Class 1: Python for Machine Learning
Deep learning is a group of exciting new technologies for neural networks. By using a combination of advanced training techniques neural network architectural components, it is now possible to train neural networks of much greater complexity. This course will introduce the student to deep belief neural networks, regularization units (ReLU), convolution neural networks and recurrent neural networks. High performance computing (HPC) aspects will demonstrate how deep learning can be leveraged both on graphical processing units (GPUs), as well as grids. Deep learning allows a model to learn hierarchies of information in a way that is similar to the function of the human brain. Focus will be primarily upon the application of deep learning, with some introduction to the mathematical foundations of deep learning. Students will use the Python programming language to architect a deep learning model for several of real-world data sets and interpret the results of these networks.

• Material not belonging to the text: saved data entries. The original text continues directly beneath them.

lemma subst_basis_mem_shift_space: "m \<in> L \<Longrightarrow> subst_basis j i m \<in> shift_space j i L"
proof (cases "subst_basis j i m = 0")
  case True
  then show ?thesis by (simp add: coeff.subspace_0[OF subspace_shift_space])
next
  case False
  moreover assume "m \<in> L"
  moreover have "m \<noteq> 0" using False module_hom.zero[OF module_hom_subst_basis] by auto
  ultimately show ?thesis
    using slow_shift_mem_shift_space[of m L j i] by (simp add: slow_shift_eq)
qed

lemma jpart_mem_shift_space:
  assumes "m \<in> L" "subst_basis j i m = 0"
  shows "jpart j m \<in> shift_space j i L"
proof (cases "m = 0")
  case True
  then have "jpart j m = 0" by (simp add: fun_eq_iff jpart_def)
  then show ?thesis by (simp add: coeff.subspace_0[OF subspace_shift_space])
next
  case False
  then show ?thesis
    using assms slow_shift_mem_shift_space[of m L j i] by (simp add: slow_shift_eq)
qed

lemma xpart_mem_shift_space:
  "xpart j u = u \<Longrightarrow> u \<in> L \<Longrightarrow> u \<in> shift_space j i L"
  by (metis subst_basis_if_xpart_eq subst_basis_mem_shift_space)

lemma shift_space_image_subset:
  assumes "module_hom cscale cscale f" "coeff.subspace M"
    and "\<And>m. m \<in> L \<Longrightarrow> f (subst_basis j i m) \<in> M"
    and "\<And>m. m \<in> L \<Longrightarrow> subst_basis j i m = 0 \<Longrightarrow> f (jpart j m) \<in> M"
  shows "f ` shift_space j i L \<subseteq> M"
proof -
  have "coeff.subspace (f -` M)"
    using assms(1,2) by (rule module_hom.subspace_vimage)
  moreover have "slow_shift j i ` (L - {0}) \<subseteq> f -` M"
    using assms(3,4) by (auto simp: slow_shift_eq)
  ultimately have "coeff.span (slow_shift j i ` (L - {0})) \<subseteq> f -` M"
    by (intro coeff.span_minimal)
  then show ?thesis unfolding shift_space_eq_span by blast
qed

lemma shift_space_subset:
  assumes "coeff.subspace M"
    and "\<And>m. m \<in> L \<Longrightarrow> subst_basis j i m \<in> M"
    and "\<And>m. m \<in> L \<Longrightarrow> subst_basis j i m = 0 \<Longrightarrow> jpart j m \<in> M"
  shows "shift_space j i L \<subseteq> M"
  using shift_space_image_subset[OF module_hom_linearI[OF coeff.linear_ident] assms] by simp

lemma xpart_image_shift_space:
  assumes "i \<noteq> j"
  shows "xpart j ` shift_space j i L \<subseteq> shift_space j i L"
proof (rule shift_space_image_subset[OF module_hom_xpart subspace_shift_space])
  fix m assume "m \<in> L"
  then show "xpart j (subst_basis j i m) \<in> shift_space j i L"
    by (simp add: xpart_subst_basis assms subst_basis_mem_shift_space)
next
  fix m show "xpart j (jpart j m) \<in> shift_space j i L"
    by (simp add: xpart_jpart coeff.subspace_0[OF subspace_shift_space])
qed

lemma jpart_mem_if_xpart_stable:
  assumes "coeff.subspace L" "xpart j ` L \<subseteq> L" "m \<in> L"
  shows "jpart j m \<in> L"
proof -
  have "jpart j m = m - xpart j m"
    by (simp add: fun_eq_iff jpart_def xpart_def)
  then show ?thesis using assms by (auto intro: coeff.subspace_diff)
qed

lemma shift_space_eq_iff:
  assumes "i \<noteq> j" "coeff.subspace L"
  shows "shift_space j i L = L \<longleftrightarrow> xpart j ` L \<subseteq> L \<and> subst_basis j i ` L \<subseteq> L"
proof
  assume "shift_space j i L = L"
  then show "xpart j ` L \<subseteq> L \<and> subst_basis j i ` L \<subseteq> L"
    using xpart_image_shift_space[OF assms(1)] subst_basis_mem_shift_space by blast
next
  assume stable: "xpart j ` L \<subseteq> L \<and> subst_basis j i ` L \<subseteq> L"
  note jpart_mem = jpart_mem_if_xpart_stable[OF assms(2) stable[THEN conjunct1]]
  show "shift_space j i L = L"
  proof
    show "shift_space j i L \<subseteq> L"
      using stable jpart_mem by (intro shift_space_subset[OF assms(2)]) auto
  next
    show "L \<subseteq> shift_space j i L"
    proof
      fix m assume "m \<in> L"
      have "xpart j m \<in> shift_space j i L"
        using \<open>m \<in> L\<close> stable by (intro xpart_mem_shift_space) (auto simp: xpart_xpart)
      moreover
      txt \<open>\<open>e\<^sub>j \<and> y\<close> is the \<open>e\<^sub>j\<close>-part of an element of \<open>L\<close> killed by the substitution.\<close>
      define m' where "m' = jpart j m - subst_basis j i (jpart j m)"
      have "m' \<in> L"
        unfolding m'_def using \<open>m \<in> L\<close> stable jpart_mem by (intro coeff.subspace_diff[OF assms(2)]) auto
      moreover have "subst_basis j i m' = 0"
        by (simp add: m'_def subst_basis_diff subst_basis_if_xpart_eq xpart_subst_basis assms(1))
      moreover have "jpart j m' = jpart j m"
        by (simp add: m'_def fun_eq_iff jpart_def subst_basis_apply assms(1))
      ultimately have "xpart j m + jpart j m \<in> shift_space j i L"
        using jpart_mem_shift_space by (metis coeff.subspace_add subspace_shift_space)
      then show "m \<in> shift_space j i L" by (simp add: xpart_add_jpart)
    qed
  qed
qed

lemma shift_space_idem:
  assumes "i \<noteq> j" "coeff.subspace L" "xpart j ` L \<subseteq> L"
  shows "shift_space j i (shift_space j i L) = shift_space j i L"
proof -
  have "subst_basis j i ` shift_space j i L \<subseteq> shift_space j i L"
  proof (rule shift_space_image_subset[OF module_hom_subst_basis subspace_shift_space])
    fix m assume "m \<in> L"
    then show "subst_basis j i (subst_basis j i m) \<in> shift_space j i L"
      by (simp add: subst_basis_if_xpart_eq xpart_subst_basis assms(1) subst_basis_mem_shift_space)
  next
    fix m assume "m \<in> L" "subst_basis j i m = 0"
    moreover have "xpart j m \<in> shift_space j i L"
      using \<open>m \<in> L\<close> assms(3) by (intro xpart_mem_shift_space) (auto simp: xpart_xpart)
    ultimately show "subst_basis j i (jpart j m) \<in> shift_space j i L"
      using coeff.subspace_neg[OF subspace_shift_space] by (simp add: subst_basis_jpart assms(1))
  qed
  then show ?thesis
    using xpart_image_shift_space[OF assms(1)]
    by (simp add: shift_space_eq_iff[OF assms(1) subspace_shift_space])
qed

Your grade will be calculated according to the following assignments:
Assignment | Weight | Title |
---|---|---|
Class Participation | 10% | Class attendance and participation |
Program 1 | 10% | Python for data science |
Program 2 | 10% | TensorFlow for classification |
Program 3 | 10% | Time series with TensorFlow |
Program 4 | 10% | Computer vision with TensorFlow |
Mid Term | 20% | Understanding of deep learning and TensorFlow |
Final Project | 30% | Adapt deep learning to a past Kaggle competition |
The following book will be used to supplement in class discussion. Internet resources and papers will augment the text with the latest research.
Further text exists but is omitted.